═════ Information provided

(* In the $xy$-plane, let an observer be at $(\cos\theta,\sin\theta)$ and let $\Omega(\theta)$ be the angle subtended at the observer by the segment $\{0\}\times[-1/2,1/2]$. Then $\Omega(\theta)=\arctan\!\big(\tfrac43|\cos\theta|\big)$, and if $\theta$ is uniformly distributed on $[0,2\pi)$, $$\mathbb{E}(\Omega)=\frac{1}{3\pi}\Big[\pi^2-6\ln(2)^2-3\,\mathrm{Li}_2\!\big(\tfrac14\big)\Big],\qquad \mathbb{E}(\Omega^2)=\mathrm{Li}_2\!\big(\tfrac14\big)-\mathrm{Li}_2\!\big(-\tfrac14\big),$$ and $\Omega$ has probability density function $$\frac{6}{\pi}\,\frac{1}{\cos(\omega)^2\sqrt{16-9\tan(\omega)^2}},\qquad 0<\omega<2\arctan\!\big(\tfrac12\big).$$
   Context: $\mathrm{Li}_2(\xi)=\sum_{k\ge1}\xi^k/k^2$ is the dilogarithm. The angle subtended at a point $P$ by a segment $[U,V]$ is the angle $\angle UPV\in[0,\pi]$. *)

theory Defs
  imports "HOL-Probability.Probability"
begin

definition Li2 :: "real \<Rightarrow> real" where
  "Li2 \<xi> = (\<Sum>k. \<xi> ^ (k+1) / (real (k+1))^2)"

definition subtended_angle :: "real \<times> real \<Rightarrow> real \<times> real \<Rightarrow> real \<times> real \<Rightarrow> real" where
  "subtended_angle P U V =
     arccos (((U - P) \<bullet> (V - P)) / (norm (U - P) * norm (V - P)))"

definition Omega :: "real \<Rightarrow> real" where
  "Omega \<theta> = subtended_angle (cos \<theta>, sin \<theta>) (0, -1/2) (0, 1/2)"

definition theta_space :: "real measure" where
  "theta_space = uniform_measure lborel {0..<2*pi}"

end

theory Submission
  imports Defs "HOL-Real_Asymp.Real_Asymp"
begin

text \<open>
  Seen from \<open>(cos \<theta>, sin \<theta>)\<close>, the endpoints of the segment have inner product \<open>3/4\<close> and
  distances \<open>sqrt (5/4 \<plusminus> sin \<theta>)\<close>, whence \<open>\<Omega> \<theta> = arctan (4/3 \<bar>cos \<theta>\<bar>)\<close>. Since
  \<open>arctan (4/3 cos \<theta>) = 2 Re (Arctan (cis \<theta> / 2))\<close>, the power series of \<open>Arctan\<close> gives the
  Fourier series \<open>\<Sum>k. 2 (-1)^k / ((2k+1) 2^(2k+1)) cos ((2k+1) \<theta>)\<close>. Integrating it termwise,
  against itself for \<open>\<Omega>\<^sup>2\<close> and against the sign of \<open>cos \<theta>\<close> for \<open>\<Omega>\<close>, produces sums
  \<open>\<Sum>k. x^(2k+1) / (2k+1)^2 = (Li2 x - Li2 (-x)) / 2\<close>, which Euler's reflection formula and the
  duplication formula for \<open>Li2\<close> evaluate. For the density: \<open>\<Omega> \<theta> > x\<close> holds exactly when
  \<open>\<bar>cos \<theta>\<bar> > 3/4 tan x\<close>, a set of relative length \<open>2/\<pi> arccos (3/4 tan x)\<close>, and this tail is the
  integral of the stated density over \<open>(x, arctan (4/3))\<close>, where \<open>arctan (4/3) = 2 arctan (1/2)\<close>.
\<close>

section \<open>The dilogarithm\<close>

lemma Li2_sums:
  assumes "\<bar>x\<bar> \<le> 1"
  shows "(\<lambda>k. x^(k+1) / (real (k+1))^2) sums Li2 x"
proof -
  have "summable (\<lambda>k. x^(k+1) / (real (k+1))^2)"
  proof (rule summable_comparison_test)
    show "summable (\<lambda>k. 1 / (real (k+1))^2)"
      using inverse_squares_sums by (simp add: sums_iff)
    have "\<bar>x^(k+1)\<bar> \<le> 1" for k
      using assms by (metis power_abs power_le_one abs_ge_zero)
    then show "\<exists>N. \<forall>k\<ge>N. norm (x^(k+1) / (real (k+1))^2) \<le> 1 / (real (k+1))^2"
      by (simp add: abs_divide divide_right_mono del: of_nat_Suc)
  qed
  then show ?thesis
    unfolding Li2_def by (rule summable_sums)
qed
(* Shifting n, m, alpha, beta multiplies the functions behind the columns of a Casoratian by
   p + z, q + z, a + z, b + z, so all Casoratians in the identities are |0,...,N-1| or
   |0,...,N-2,N| of functions T z * z^l, with T a product of such factors and each row a linear
   functional L_s of the function.  The minors D_i = |0,...,i-1,i+1,...,N| satisfy
   sum_i (-1)^i D_i L_r(T z^i) = 0 for every row r (a determinant with a repeated row).
   Expanding an N x N determinant along a variable last column therefore gives
   sum_i (-1)^i D_i det(A_0, ..., A_(N-2), S T z^i) = 0 whenever S acts on every row as a scalar.
   For S = 1, column operations evaluate this sum and give the three-term and the f-g identities.
   For S(z) = G(z, -b), which is constant on row s because every w_j(k_s) is a root of
   G(-w, -k_s), the partial fraction expansion of S over (p+z)(q+z)(a+z)(b+z) gives the last
   identity. *)

lemma det_add_scaled_previous_columns:
  fixes Z :: "nat \<Rightarrow> nat \<Rightarrow> 'a::comm_ring_1"
  shows "det (mat n n (\<lambda>(i, j). if j = 0 then Z i 0 else c * Z i (j - 1) + Z i j))
       = det (mat n n (\<lambda>(i, j). Z i j))"
proof -
  define A where "A = mat n n (\<lambda>(i, j). Z i j)"
  define U :: "'a mat" where "U = mat n n (\<lambda>(i, j). if i = j then 1 else if Suc i = j then c else 0)"
  have "mat n n (\<lambda>(i, j). if j = 0 then Z i 0 else c * Z i (j - 1) + Z i j) = A * U"
  proof (rule eq_matI)
    fix i j assume "i < dim_row (A * U)" and "j < dim_col (A * U)"
    then have i: "i < n" and j: "j < n" by (auto simp: A_def U_def)
    have "(A * U) $$ (i, j)
        = (\<Sum>k<n. (if k = j then Z i k else 0) + (if Suc k = j then c * Z i k else 0))"
      using i j by (auto simp: A_def U_def scalar_prod_def lessThan_atLeast0 intro!: sum.cong)
    also have "\<dots> = Z i j + (if j = 0 then 0 else c * Z i (j - 1))"
      using j by (cases j) (auto simp: sum.distrib)
    finally show "mat n n (\<lambda>(i, j). if j = 0 then Z i 0 else c * Z i (j - 1) + Z i j) $$ (i, j)
        = (A * U) $$ (i, j)"
      using i j by (simp add: add.commute)
  qed (auto simp: A_def U_def)
  moreover have "det U = 1"
    by (subst det_upper_triangular[of U n])
      (auto simp: U_def upper_triangular_def prod_list_diag_prod)
  moreover have "det (A * U) = det A * det U"
    by (rule det_mult) (auto simp: A_def U_def)
  ultimately show ?thesis
    by (simp add: A_def)
qed

lemma sum_atMost_split_last_two:
  "(n::nat) \<ge> 1 \<Longrightarrow> (\<Sum>i\<le>n. f i) = (\<Sum>i<n - 1. f i) + f (n - 1) + f n"
  by (cases n) (simp_all add: lessThan_Suc_atMost[symmetric])

lemma power_int_shift:
  "(x :: 'a::division_ring) \<noteq> 0 \<Longrightarrow> n \<le> n' \<Longrightarrow> x powi n' = x powi n * x ^ nat (n' - n)"
  using power_int_add[of x n "n' - n"] power_int_of_nat[of x "nat (n' - n)"] by simp

lemma monic_cubic_interpolation:
  fixes e0 e1 e2 p q a z :: "'a::comm_ring_1"
  assumes H: "\<And>x. H x = x ^ 3 + e2 * x ^ 2 + e1 * x + e0"
  shows "H z * ((p - q) * (p - a) * (q - a))
      = (p + z) * (q + z) * (a + z) * ((p - q) * (p - a) * (q - a))
        + H (- p) * (q - a) * ((q + z) * (a + z)) - H (- q) * (p - a) * ((p + z) * (a + z))
        + H (- a) * (p - q) * ((p + z) * (q + z))"
    and "H (- p) * (q - a) - H (- q) * (p - a) + H (- a) * (p - q)
      = (e2 - (p + q + a)) * ((p - q) * (p - a) * (q - a))"
  unfolding H by (simp_all add: algebra_simps power2_eq_square power3_eq_cube)

locale casoratian =
  fixes N :: nat and L :: "nat \<Rightarrow> ('a::comm_ring_1 \<Rightarrow> 'a) \<Rightarrow> 'a"
  assumes L_add: "L s (\<lambda>z. F z + G z) = L s F + L s G"
    and L_scale: "L s (\<lambda>z. c * F z) = c * L s F"
begin

lemma L_diff: "L s (\<lambda>z. F z - G z) = L s F - L s G"
  using L_add[of s F "\<lambda>z. - 1 * G z"] L_scale[of s "- 1" G] by simp

lemma L_shift:
  "L s (\<lambda>z. T z * (c + z) * z ^ j) = c * L s (\<lambda>z. T z * z ^ j) + L s (\<lambda>z. T z * z ^ Suc j)"
  using L_add[of s "\<lambda>z. c * (T z * z ^ j)"] L_scale[of s c] by (simp add: algebra_simps)

definition cas_f :: "('a \<Rightarrow> 'a) \<Rightarrow> 'a" where
  "cas_f T = det (mat N N (\<lambda>(s, c). L s (\<lambda>z. T z * z ^ c)))"
lemma sublinear_ex_minorant_neg:
  fixes a :: "'a::real_vector"
  assumes q: "sublinear q"
  shows "\<exists>q'. sublinear q' \<and> q' \<le> q \<and> q' (- a) \<le> - q a"
proof -
  define q' where "q' x = (INF t\<in>{0::real..}. q (x + t *\<^sub>R a) - t * q a)" for x
  have ne: "{0::real..} \<noteq> {}" by auto
  have low: "q' x \<le> q (x + t *\<^sub>R a) - t * q a" if "0 \<le> t" for x t
  proof -
    have "- q (- x) \<le> q (x + s *\<^sub>R a) - s * q a" if "0 \<le> s" for s
      using sublinear_add[OF q, of "x + s *\<^sub>R a" "- x"] sublinear_scaleR[OF q that, of a] by simp
    then show ?thesis
      unfolding q'_def using that by (intro cINF_lower bdd_belowI2) auto
  qed
  have "sublinear q'"
  proof (rule sublinearI)
    have "q' 0 = (INF t\<in>{0::real..}. 0)"
      unfolding q'_def using sublinear_scaleR[OF q] by (intro INF_cong) auto
    then show "q' 0 = 0" by simp
  next
    fix c :: real and x assume c: "0 < c"
    have "q' (c *\<^sub>R x) / c \<le> q (x + t *\<^sub>R a) - t * q a" if "0 \<le> t" for t
    proof -
      have "q' (c *\<^sub>R x) \<le> q (c *\<^sub>R (x + t *\<^sub>R a)) - (c * t) * q a"
        using low[of "c * t" "c *\<^sub>R x"] that c by (simp add: algebra_simps)
      also have "\<dots> = c * (q (x + t *\<^sub>R a) - t * q a)"
        using sublinear_scaleR[OF q, of c "x + t *\<^sub>R a"] c by (simp add: right_diff_distrib)
      finally show ?thesis using c by (simp add: pos_divide_le_eq mult.commute)
    qed
    then have "q' (c *\<^sub>R x) / c \<le> q' x" unfolding q'_def[of x] by (intro cINF_greatest[OF ne]) auto
    then show "q' (c *\<^sub>R x) \<le> c * q' x" using c by (simp add: pos_divide_le_eq mult.commute)
  next
    fix x y
    have "q' (x + y) \<le> (q (x + s *\<^sub>R a) - s * q a) + (q (y + t *\<^sub>R a) - t * q a)"
      if "0 \<le> s" "0 \<le> t" for s t
    proof -
      have "q' (x + y) \<le> q ((x + s *\<^sub>R a) + (y + t *\<^sub>R a)) - (s + t) * q a"
        using low[of "s + t" "x + y"] that by (simp add: algebra_simps)
      also have "\<dots> \<le> q (x + s *\<^sub>R a) + q (y + t *\<^sub>R a) - (s + t) * q a"
        using sublinear_add[OF q] by simp
      finally show ?thesis by (simp add: algebra_simps)
    qed
    then have "q' (x + y) - (q (y + t *\<^sub>R a) - t * q a) \<le> q' x" if "0 \<le> t" for t
      using that unfolding q'_def[of x] by (intro cINF_greatest[OF ne]) (auto simp: algebra_simps)
    then have "q' (x + y) - q' x \<le> q' y"
      unfolding q'_def[of y] by (intro cINF_greatest[OF ne]) (auto simp: algebra_simps)
    then show "q' (x + y) \<le> q' x + q' y" by simp
  qed
  moreover have "q' \<le> q" using low[of 0] by (simp add: le_fun_def)
  moreover have "q' (- a) \<le> - q a" using low[of 1 "- a"] sublinear_zero[OF q] by simp
  ultimately show ?thesis by blast
qed
(* Let $P$ be a weak plane poset with underlying set $[n]$ such that the total order $\ll$ is the natural order of $[n]$. Then $$WLin(P)=\bigsqcup_{f\in Lin(P)}\{g\in PW(n)\mid g\prec f\},$$ and the union on the right-hand side is disjoint.
   Context: A packed word of length $n$ is a surjection $f:[n]\to[k]$ for some $k$, written $f(1)\cdots f(n)$; $PW(n)$ is the set of these. A weak plane poset is a finite set with two partial orders $\leq_1,\leq_2$ such that $x\leq_1 y$ and $x\leq_2 y$ imply $x=y$, and such that $x\preceq y\iff(x\leq_1 y$ or $x\leq_2 y)$ is a total quasi-order; $x\equiv y$ means $x\preceq y$ and $y\preceq x$; $x\ll y\iff(y\leq_1 x$ or $x\leq_2 y)$ is a total order. $Lin(P)$ is the set of surjections $f:[n]\to[k]$ such that $i\leq_1 j\Rightarrow f(i)\leq f(j)$ and $f(i)=f(j)\Rightarrow i\equiv j$ (linear extensions). $WLin(P)$ is the set of surjections $f:[n]\to[k]$ such that $i\leq_1 j\Rightarrow f(i)\leq f(j)$ and ($i\leq_1 j$ and $f(i)=f(j)$) $\Rightarrow i\equiv j$ (weak linear extensions). For $f,g\in PW(n)$, $g\prec f$ means: (1) for all $i,j$, $f(i)\leq f(j)\Rightarrow g(i)\leq g(j)$; (2) for all $i,j$, ($i<j$ and $f(i)>f(j)$) $\Rightarrow g(i)>g(j)$. (In particular $f\prec f$.) *)

theory Defs
  imports Main "HOL-Library.Disjoint_Sets"
begin

definition PW :: "nat \<Rightarrow> (nat \<Rightarrow> nat) set" where
  "PW n = {f. (\<forall>i. i \<notin> {1..n} \<longrightarrow> f i = 0) \<and> (\<exists>k. f ` {1..n} = {1..k})}"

══════════

Problem to work on
Check the records above and copy each line that has the string "assumes".

Solution for this exercise
  assumes "\<bar>x\<bar> \<le> 1"
  assumes H: "\<And>x. H x = x ^ 3 + e2 * x ^ 2 + e1 * x + e0"
  assumes L_add: "L s (\<lambda>z. F z + G z) = L s F + L s G"
  assumes q: "sublinear q"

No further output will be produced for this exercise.